> **PROBLEM TO SOLVE**: From the entries that follow, gather each line holding the word "proof".

+-------+

lemma theta_mul:
  assumes x: "x \<in> acarr (triv_ext (line_alg n ori))" and y: "y \<in> acarr (triv_ext (line_alg n ori))"
  shows "theta n ori (amul (triv_ext (line_alg n ori)) x y) =
    brauer_mul n (theta n ori x) (theta n ori (y :: _ \<times> (_ \<Rightarrow> 'k::field)))"
proof
  fix b
  obtain c f d g where xy: "x = (c, f)" "y = (d, g)"
    by (cases x, cases y)
  have cf: "c \<in> vcarr (line_basis n)" "f \<in> kdual (line_alg n ori)"
    and dg: "d \<in> vcarr (line_basis n)" "g \<in> kdual (line_alg n ori)"
    using x y xy by (simp_all add: triv_ext_simps)
  let ?h = "\<lambda>z. if z \<in> vcarr (line_basis n) then g (line_mul n ori z c) + f (line_mul n ori d z) else 0"
  have prod: "amul (triv_ext (line_alg n ori)) (c, f) (d, g) = (line_mul n ori c d, ?h)"
    unfolding triv_ext_simps coord_alg_simps ..
  note theta_vals = theta_Idem[OF cf] theta_Idem[OF dg] theta_Soc[OF cf] theta_Soc[OF dg]
    theta_Alpha[OF cf] theta_Alpha[OF dg] theta_Beta[OF cf] theta_Beta[OF dg]
  show "theta n ori (amul (triv_ext (line_alg n ori)) x y) b =
      brauer_mul n (theta n ori x) (theta n ori y) b"
  proof (cases "b \<in> brauer_basis n")
    case True
    then show ?thesis
    proof (cases b)
      case (Idem i)
      then show ?thesis
        using True cf dg by (simp add: prod xy theta_def brauer_mul_def line_mul_def theta_vals)
    next
      case (Soc i)
      then have i: "i \<in> {1..n}"
        using True by simp
      have "theta n ori (amul (triv_ext (line_alg n ori)) x y) b =
          g (line_mul n ori (line_unit n (Vert i)) c) + f (line_mul n ori d (line_unit n (Vert i)))"
        using True Soc by (simp add: xy prod theta_def coord_unit_vcarr)
      then show ?thesis
        using True Soc by (simp add: xy brauer_mul_def theta_vals algebra_simps
            kdual_line_mul_unit_Vert(1)[OF i cf(1) dg(2)] kdual_line_mul_unit_Vert(2)[OF i dg(1) cf(2)])
    next
      case (Alpha j)
      then have j: "j \<in> {1..<n}"
        using True by simp
      show ?thesis
      proof (cases "ori j")
        case False
        have "theta n ori (amul (triv_ext (line_alg n ori)) x y) b =
            g (line_mul n ori (line_unit n (Arr j)) c) + f (line_mul n ori d (line_unit n (Arr j)))"
          using True Alpha False by (simp add: xy prod theta_def coord_unit_vcarr)
        then show ?thesis
          using True Alpha False unfolding line_mul_unit_Arr[OF j]
          by (simp add: xy brauer_mul_def theta_vals kdual_coord_smul[OF cf(2) coord_unit_vcarr]
              kdual_coord_smul[OF dg(2) coord_unit_vcarr] algebra_simps)
      qed (use True Alpha in \<open>simp add: xy prod theta_def brauer_mul_def line_mul_def theta_vals\<close>)
    next
      case (Beta j)
      then have j: "j \<in> {1..<n}"
        using True by simp
      show ?thesis
      proof (cases "ori j")
        case True
        have "theta n ori (amul (triv_ext (line_alg n ori)) x y) b =
            g (line_mul n ori (line_unit n (Arr j)) c) + f (line_mul n ori d (line_unit n (Arr j)))"
          using \<open>b \<in> brauer_basis n\<close> Beta True by (simp add: xy prod theta_def coord_unit_vcarr)
        then show ?thesis
          using \<open>b \<in> brauer_basis n\<close> Beta True unfolding line_mul_unit_Arr[OF j]
          by (simp add: xy brauer_mul_def theta_vals kdual_coord_smul[OF cf(2) coord_unit_vcarr]
              kdual_coord_smul[OF dg(2) coord_unit_vcarr] algebra_simps)
      qed (use True Beta in \<open>simp add: xy prod theta_def brauer_mul_def line_mul_def theta_vals\<close>)
    qed
  qed (simp add: prod xy theta_def brauer_mul_def)
qed

lemma theta_iso: "alg_iso (triv_ext (line_alg n ori)) (brauer_alg n) (theta n ori :: _ \<Rightarrow> _ \<Rightarrow> 'k::field)"
  unfolding alg_iso_def
proof (intro conjI ballI allI)
  show "bij_betw (theta n ori :: _ \<Rightarrow> _ \<Rightarrow> 'k) (acarr (triv_ext (line_alg n ori))) (acarr (brauer_alg n))"
    using theta_bij by simp
next
  fix x y :: "(line_idx \<Rightarrow> 'k) \<times> ((line_idx \<Rightarrow> 'k) \<Rightarrow> 'k)"
  assume "x \<in> acarr (triv_ext (line_alg n ori))" "y \<in> acarr (triv_ext (line_alg n ori))"
  then show "theta n ori (amul (triv_ext (line_alg n ori)) x y) =
      amul (brauer_alg n) (theta n ori x) (theta n ori y)"
    using theta_mul by simp
  show "theta n ori (aadd (triv_ext (line_alg n ori)) x y) =
      aadd (brauer_alg n) (theta n ori x) (theta n ori y)"
    by (cases x, cases y) (auto simp: triv_ext_simps theta_def fun_eq_iff split: brauer_idx.split)
next
  fix c and x :: "(line_idx \<Rightarrow> 'k) \<times> ((line_idx \<Rightarrow> 'k) \<Rightarrow> 'k)"
  show "theta n ori (asmul (triv_ext (line_alg n ori)) c x) = asmul (brauer_alg n) c (theta n ori x)"
    by (cases x) (auto simp: triv_ext_simps theta_def fun_eq_iff split: brauer_idx.split)
next
  show "theta n ori (aone (triv_ext (line_alg n ori))) = (aone (brauer_alg n) :: _ \<Rightarrow> 'k)"
    by (auto simp: triv_ext_simps theta_def line_one_def brauer_one_def fun_eq_iff split: brauer_idx.split)
qed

+-------+

> **TASK OUTPUT**:
proof
  proof (cases "b \<in> brauer_basis n")
    proof (cases b)
      proof (cases "ori j")
      proof (cases "ori j")
proof (intro conjI ballI allI)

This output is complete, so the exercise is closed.